New Designation: Technology Lead

To file EOI do I again need to apply for ACS certificate or I can use the previous one ?


ausbanerj


----------



## rahulnair (May 17, 2015)

ausbanerj said:


> Hi Everyone,
> 
> I tried to search for my below queries but unable to find such scenarios - can anyone please help me on this ...
> 
> ...


You may use the same one. But if you want to get your experience with your new company assessed as well to gain points, you will have to get it re-assessed I believe. Seniors can back me on this...


----------



## cozmopravesh (May 29, 2015)

ausbanerj said:


> Hi Everyone,
> 
> I tried to search for my below queries but unable to find such scenarios - can anyone please help me on this ...
> 
> ...


ausbanerj,

As you have got your experience assessed till your previous company experience. If you want to claim points for your Company ABC from August 2015, you will have to go for ACS reassesment as DIBP cannot accept your points for the experience which you haven't got assessed by ACS.


----------



## shri078 (Nov 5, 2015)

ausbanerj said:


> Hi Everyone,
> 
> I tried to search for my below queries but unable to find such scenarios - can anyone please help me on this ...
> 
> ...


There is an option to link it to existing application while filling ACS so you need to use that hope they don't ask you to pay again.

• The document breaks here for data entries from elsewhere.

lemma PC_shift:
  assumes "\<sigma> \<in> PC" and a: "0 \<le> a"
  shows "(\<lambda>t. \<sigma> (t + a)) \<in> PC"
proof -
  obtain tt where ad: "adapted_switching \<sigma> tt" using assms(1) by (auto simp: PC_def)
  have tt: "time_seq tt" using ad by (simp add: adapted_switching_def)
  define j where "j = time_seq_index tt a"
  have j: "tt j \<le> a" "a < tt (Suc j)" using time_seq_index[OF tt a] by (auto simp: j_def)
  define tt' where "tt' n = (if n = 0 then 0 else tt (j + n) - a)" for n
  have "tt' 0 = 0" by (simp add: tt'_def)
  moreover have "strict_mono tt'"
  proof (rule strict_monoI_Suc)
    fix n show "tt' n < tt' (Suc n)"
      using j time_seq_less[OF tt, of "j + n" "Suc (j + n)"] by (auto simp: tt'_def)
  qed
  moreover have "filterlim tt' at_top sequentially"
    unfolding filterlim_at_top
  proof
    fix Z :: real
    obtain m where m: "Z + a < tt m" using time_seq_unbounded[OF tt] .
    have "Z \<le> tt' n" if "m + 1 \<le> n" for n
      using m that time_seq_mono[OF tt, of m "j + n"] by (auto simp: tt'_def)
    then show "eventually (\<lambda>n. Z \<le> tt' n) sequentially"
      unfolding eventually_sequentially by blast
  qed
  moreover have "\<sigma> (t + a) = \<sigma> (tt' k + a)" if "tt' k \<le> t" "t < tt' (Suc k)" for k t
  proof (cases "k = 0")
    case True
    then have "\<sigma> (t + a) = \<sigma> (tt j)"
      using that j by (intro adapted_switchingD[OF ad]) (auto simp: tt'_def)
    moreover have "\<sigma> a = \<sigma> (tt j)" using j by (rule adapted_switchingD[OF ad])
    ultimately show ?thesis using True by (simp add: tt'_def)
  next
    case False
    then show ?thesis
      using that adapted_switchingD[OF ad, of "j + k" "t + a"] by (simp add: tt'_def)
  qed
  ultimately have "adapted_switching (\<lambda>t. \<sigma> (t + a)) tt'"
    unfolding adapted_switching_def time_seq_def by blast
  then show ?thesis by (auto simp: PC_def)
qed



section \<open>Mild solutions\<close>

text \<open>The variation-of-constants formula \<open>y t = T t x0 + \<integral>\<^sub>0\<^sup>t T (t - s) (F s) ds\<close>,
  pulled back by \<open>T (- t)\<close> so that the integrand does not depend on \<open>t\<close>.\<close>
definition mild_solution :: "(real \<Rightarrow> 'x::banach \<Rightarrow> 'x) \<Rightarrow> (real \<Rightarrow> 'x) \<Rightarrow> 'x \<Rightarrow> (real \<Rightarrow> 'x) \<Rightarrow> bool"
  where "mild_solution T F x0 y \<longleftrightarrow>
    (\<forall>t\<ge>0. ((\<lambda>s. T (- s) (F s)) has_integral (T (- t) (y t) - x0)) {0..t})"

lemma mild_solution_restart:
  assumes G: "C0_group T" and y: "mild_solution T F x0 y" and ct: "0 \<le> c" "c \<le> t"
  shows "((\<lambda>s. T (t - s) (F s)) has_integral (y t - T (t - c) (y c))) {c..t}"
proof -
  let ?H = "\<lambda>s. T (- s) (F s)"
  have to_c: "(?H has_integral (T (- c) (y c) - x0)) {0..c}"
    and to_t: "(?H has_integral (T (- t) (y t) - x0)) {0..t}"
    using y ct unfolding mild_solution_def by auto
  have "?H integrable_on {c..t}"
    using integrable_subinterval_real[OF has_integral_integrable[OF to_t]] ct by auto
  then have c_to_t: "(?H has_integral integral {c..t} ?H) {c..t}" by auto
  have "integral {c..t} ?H = T (- t) (y t) - T (- c) (y c)"
    using has_integral_unique[OF has_integral_combine[OF ct to_c c_to_t] to_t] by (simp add: algebra_simps)
  with has_integral_C0_group[OF G c_to_t, of t]
  show ?thesis
    by (simp add: C0_group_comp[OF G] C0_group_linear_simps[OF G] C0_group_zero[OF G])
qed

lemma mild_solution_shift:
  assumes G: "C0_group T" and y: "mild_solution T F x0 y" and a: "0 \<le> a"
  shows "mild_solution T (\<lambda>s. F (s + a)) (y a) (\<lambda>s. y (s + a))"
  unfolding mild_solution_def
proof safe
  fix t :: real assume t: "0 \<le> t"
  have "((\<lambda>s. T (t + a - s) (F s)) has_integral (y (t + a) - T t (y a))) {a..t + a}"
    using mild_solution_restart[OF G y a, of "t + a"] t by simp
  then have "((\<lambda>s. T (t - s) (F (s + a))) has_integral (y (t + a) - T t (y a))) {0..t}"
    using has_integral_shift_real_ivl_iff[of "\<lambda>s. T (t + a - s) (F s)" _ a "t + a" a] by simp
  from has_integral_C0_group[OF G this, of "- t"]
  show "((\<lambda>s. T (- s) (F (s + a))) has_integral (T (- t) (y (t + a)) - y a)) {0..t}"
    by (simp add: C0_group_comp[OF G] C0_group_linear_simps[OF G] C0_group_zero[OF G])
qed
(* Write [0,1) as three sheets over the circle, x = (j + t)/3.  Rotating the base circle
   by s while moving the sheet index over the base point t by an affine map j -> e t * j + c t
   of Z/3 (with e t = 1 or -1) gives interval exchanges, the skew products.  In a commutator
   of skew products the rotations cancel; in a commutator of those the signs e cancel; and
   the skew products with e = 1 and no rotation commute.  Hence every group of skew
   products has derived length at most 3.

   For b in [0, 1/8] let Gamma b be generated by the rotation by an irrational alpha and the
   two reflections j -> -j over the base interval [0, 1/4) and j -> 1 - j over [b, b + 1/4).
   An explicit double commutator moves sheet 0 over the base point b, so the derived length
   is exactly 3.  The set of n for which the first reflection commutes with the conjugate of
   the second by the n-th power of the rotation is {n. [0, 1/4) - n alpha misses
   [b, b + 1/4) mod 1}; by Kronecker's theorem it determines b.  Such sets, taken over all
   triples of elements, form an isomorphism invariant of a group with only countably many
   members when the group is countable.  So each isomorphism class contains only countably
   many groups Gamma b, and choosing one b per class leaves uncountably many. *)

theory Submission
  imports Defs
begin

section \<open>Derived series, countability and an isomorphism invariant of groups\<close>

lemma derived_minimal:
  assumes "group G" "subgroup K G"
    and "\<And>a b. a \<in> J \<Longrightarrow> b \<in> J \<Longrightarrow> a \<otimes>\<^bsub>G\<^esub> b \<otimes>\<^bsub>G\<^esub> inv\<^bsub>G\<^esub> a \<otimes>\<^bsub>G\<^esub> inv\<^bsub>G\<^esub> b \<in> K"
  shows "derived G J \<subseteq> K"
  unfolding derived_def using assms by (intro group.generate_subgroup_incl) auto

lemma countable_generate:
  assumes "group G" "countable S" "S \<subseteq> carrier G"
  shows "countable (generate G S)"
proof -
  interpret group G by fact
  define word where "word l = foldr (\<otimes>\<^bsub>G\<^esub>) l \<one>\<^bsub>G\<^esub>" for l
  have word_closed: "set l \<subseteq> carrier G \<Longrightarrow> word l \<in> carrier G" for l
    unfolding word_def by (induction l) auto
  have word_append:
    "set l \<subseteq> carrier G \<Longrightarrow> set l' \<subseteq> carrier G \<Longrightarrow> word (l @ l') = word l \<otimes>\<^bsub>G\<^esub> word l'"
    for l l' by (induction l) (auto simp: word_def m_assoc word_closed[unfolded word_def])
  define A where "A = S \<union> m_inv G ` S"
  have A: "A \<subseteq> carrier G" "countable A" using assms(2,3) unfolding A_def by auto
  have "generate G S \<subseteq> word ` lists A"
  proof
    fix h assume "h \<in> generate G S"
    then show "h \<in> word ` lists A"
    proof (induction rule: generate.induct)
      case one
      show ?case by (rule image_eqI[of _ _ "[]"]) (simp_all add: word_def)
    next
      case (incl h)
      then show ?case using assms(3) by (intro image_eqI[of _ _ "[h]"]) (auto simp: word_def A_def)
    next
      case (inv h)
      then show ?case using assms(3) by (intro image_eqI[of _ _ "[inv\<^bsub>G\<^esub> h]"]) (auto simp: word_def A_def)
    next
      case (eng h1 h2)
      then obtain l1 l2 where l: "l1 \<in> lists A" "l2 \<in> lists A" "h1 = word l1" "h2 = word l2" by auto
      then have "set l1 \<subseteq> carrier G" "set l2 \<subseteq> carrier G" using A(1) by auto
      then show ?case using l word_append[of l1 l2] by (intro image_eqI[of _ _ "l1 @ l2"]) auto
    qed
  qed
  moreover have "countable (word ` lists A)" using A(2) by simp
  ultimately show ?thesis by (rule countable_subset)
qed

lemma exp_of_derived_antimono:
  assumes "group G" "subgroup H G" "i \<le> j"
  shows "(derived G ^^ j) H \<subseteq> (derived G ^^ i) H"
  using assms(3)
proof (induction j rule: dec_induct)
  case (step j)
  interpret group G by fact
  show ?case
    using step derived_incl[OF subset_refl exp_of_derived_is_subgroup[OF assms(2)]] by auto
qed simp

definition commuting_conjugates :: "('a, 'b) monoid_scheme \<Rightarrow> 'a \<Rightarrow> 'a \<Rightarrow> 'a \<Rightarrow> nat set" where
  "commuting_conjugates G x y z =
     {n. y \<otimes>\<^bsub>G\<^esub> (x [^]\<^bsub>G\<^esub> n \<otimes>\<^bsub>G\<^esub> z \<otimes>\<^bsub>G\<^esub> inv\<^bsub>G\<^esub> (x [^]\<^bsub>G\<^esub> n)) =
         (x [^]\<^bsub>G\<^esub> n \<otimes>\<^bsub>G\<^esub> z \<otimes>\<^bsub>G\<^esub> inv\<^bsub>G\<^esub> (x [^]\<^bsub>G\<^esub> n)) \<otimes>\<^bsub>G\<^esub> y}"

definition commuting_conjugate_sets :: "('a, 'b) monoid_scheme \<Rightarrow> nat set set" where
  "commuting_conjugate_sets G =
     (\<lambda>(x, y, z). commuting_conjugates G x y z) ` (carrier G \<times> carrier G \<times> carrier G)"

lemma commuting_conjugates_iso:
  assumes "group G" "group K" "\<phi> \<in> iso G K"
    and x: "x \<in> carrier G" and y: "y \<in> carrier G" and z: "z \<in> carrier G"
  shows "commuting_conjugates K (\<phi> x) (\<phi> y) (\<phi> z) = commuting_conjugates G x y z"
proof -
  interpret group_hom G K \<phi>
    using assms(1-3) unfolding group_hom_def group_hom_axioms_def iso_def by simp
  have inj: "inj_on \<phi> (carrier G)" using assms(3) unfolding iso_def bij_betw_def by blast
  have conj: "\<phi> (x [^]\<^bsub>G\<^esub> n \<otimes>\<^bsub>G\<^esub> z \<otimes>\<^bsub>G\<^esub> inv\<^bsub>G\<^esub> (x [^]\<^bsub>G\<^esub> n)) =
      \<phi> x [^]\<^bsub>K\<^esub> n \<otimes>\<^bsub>K\<^esub> \<phi> z \<otimes>\<^bsub>K\<^esub> inv\<^bsub>K\<^esub> (\<phi> x [^]\<^bsub>K\<^esub> n)" for n :: nat
    using x z by (simp add: hom_nat_pow)
  have commute: "\<phi> y \<otimes>\<^bsub>K\<^esub> \<phi> w = \<phi> w \<otimes>\<^bsub>K\<^esub> \<phi> y \<longleftrightarrow> y \<otimes>\<^bsub>G\<^esub> w = w \<otimes>\<^bsub>G\<^esub> y"
    if "w \<in> carrier G" for w
    using inj_on_eq_iff[OF inj] y that by (simp flip: hom_mult)
  have closed: "x [^]\<^bsub>G\<^esub> n \<otimes>\<^bsub>G\<^esub> z \<otimes>\<^bsub>G\<^esub> inv\<^bsub>G\<^esub> (x [^]\<^bsub>G\<^esub> n) \<in> carrier G" for n :: nat
    using x z by simp
  show ?thesis
    unfolding commuting_conjugates_def conj[symmetric] commute[OF closed] by (rule refl)
qed

lemma commuting_conjugate_sets_iso:
  assumes "group G" "group K" "G \<cong> K"
  shows "commuting_conjugate_sets G \<subseteq> commuting_conjugate_sets K"
proof
  fix T assume "T \<in> commuting_conjugate_sets G"
  then obtain x y z where xyz: "x \<in> carrier G" "y \<in> carrier G" "z \<in> carrier G"
    and T: "T = commuting_conjugates G x y z"
    unfolding commuting_conjugate_sets_def by auto
  obtain \<phi> where \<phi>: "\<phi> \<in> iso G K" using assms(3) unfolding is_iso_def by auto
  then have "\<phi> x \<in> carrier K" "\<phi> y \<in> carrier K" "\<phi> z \<in> carrier K"
    using xyz unfolding iso_def hom_def by auto
  moreover have "T = commuting_conjugates K (\<phi> x) (\<phi> y) (\<phi> z)"
    using commuting_conjugates_iso[OF assms(1,2) \<phi> xyz] T by simp
  ultimately show "T \<in> commuting_conjugate_sets K"
    unfolding commuting_conjugate_sets_def by force
qed

lemma countable_commuting_conjugate_sets:
  "countable (carrier G) \<Longrightarrow> countable (commuting_conjugate_sets G)"
  unfolding commuting_conjugate_sets_def by simp

lemma commuting_conjugates_subgroup:
  assumes "group G" "subgroup H G" "x \<in> H"
  shows "commuting_conjugates (G\<lparr>carrier := H\<rparr>) x y z = commuting_conjugates G x y z"
proof -
  interpret group G by fact
  interpret H: group "G\<lparr>carrier := H\<rparr>" by (rule subgroup_imp_group[OF assms(2)])
  have pow: "x [^]\<^bsub>G\<lparr>carrier := H\<rparr>\<^esub> n = x [^]\<^bsub>G\<^esub> n" for n :: nat
    by (rule nat_pow_consistent[symmetric])
  have "x [^]\<^bsub>G\<^esub> n \<in> H" for n :: nat
    using H.nat_pow_closed[of x n] assms(3) by (simp add: pow)
  then show ?thesis
    unfolding commuting_conjugates_def pow using assms(2) by simp
qed

lemma uncountable_transversal:
  assumes "equiv U r" "uncountable U" "\<And>X. X \<in> U // r \<Longrightarrow> countable X"
  shows "\<exists>V\<subseteq>U. uncountable V \<and> (\<forall>x\<in>V. \<forall>y\<in>V. (x, y) \<in> r \<longrightarrow> x = y)"
proof (intro exI conjI ballI impI)
  define rep where "rep X = (SOME x. x \<in> X)" for X :: "'a set"
  have rep: "rep X \<in> X" if "X \<in> U // r" for X
    unfolding rep_def using in_quotient_imp_non_empty[OF assms(1) that] by (simp add: some_in_eq)
  have "inj_on rep (U // r)"
  proof (rule inj_onI)
    fix X Y assume XY: "X \<in> U // r" "Y \<in> U // r" "rep X = rep Y"
    then have "rep X \<in> X \<inter> Y" using rep[OF XY(1)] rep[OF XY(2)] by auto
    then show "X = Y" using quotient_disj[OF assms(1) XY(1,2)] by blast
  qed
  moreover have "uncountable (U // r)"
  proof
    assume "countable (U // r)"
    then have "countable (\<Union>X\<in>U // r. X)" using assms(3) by (rule countable_UN)
    then show False using assms(2) Union_quotient[OF assms(1)] by simp
  qed
  ultimately show "uncountable (rep ` (U // r))" using countable_image_inj_on by blast
  show "rep ` (U // r) \<subseteq> U" using rep in_quotient_imp_subset[OF assms(1)] by blast
  fix x y assume xy: "x \<in> rep ` (U // r)" "y \<in> rep ` (U // r)" "(x, y) \<in> r"
  then obtain X Y where "X \<in> U // r" "Y \<in> U // r" "x = rep X" "y = rep Y" by blast
  then show "x = y" using quotient_eq_iff[OF assms(1), of X Y x y] rep xy(3) by simp
qed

262111 - database administrator
6 nov 2015 - PTE A - 7.3
11 nov 2015 - ACS positive
12 nov 2015 - EOI submitted(65 points) - waiting
13 nov 2015 - Victoria SS applied (65 points) - waiting


----------



## Janarthanan (Aug 8, 2016)

i have completed my bachelor degree in Fashion technology and later on got certified in SAP as SD consultant,now i have completed my 6 years as SAP consultant .
My query,
1.is it possible to get positive result for my ACS assessment with this experience and education
(since its totally opposite to each other)
2. what are the documents to be submitted for ACS assessment an what is the procedure
awaiting for your replies !!!!!!!!!!!!!!!!!!


----------



## Maggie-May24 (May 19, 2015)

Janarthanan said:


> i have completed my bachelor degree in Fashion technology and later on got certified in SAP as SD consultant,now i have completed my 6 years as SAP consultant .
> My query,
> 1.is it possible to get positive result for my ACS assessment with this experience and education
> (since its totally opposite to each other)
> ...


1. It would depend if they consider your SAP certification equivalent to a diploma. You would need to check with ACS
2. If you look at the ACS website, they provide all this information for applicants.


----------



## Janarthanan (Aug 8, 2016)

Maggie-May24 said:


> 1. It would depend if they consider your SAP certification equivalent to a diploma. You would need to check with ACS
> 2. If you look at the ACS website, they provide all this information for applicants.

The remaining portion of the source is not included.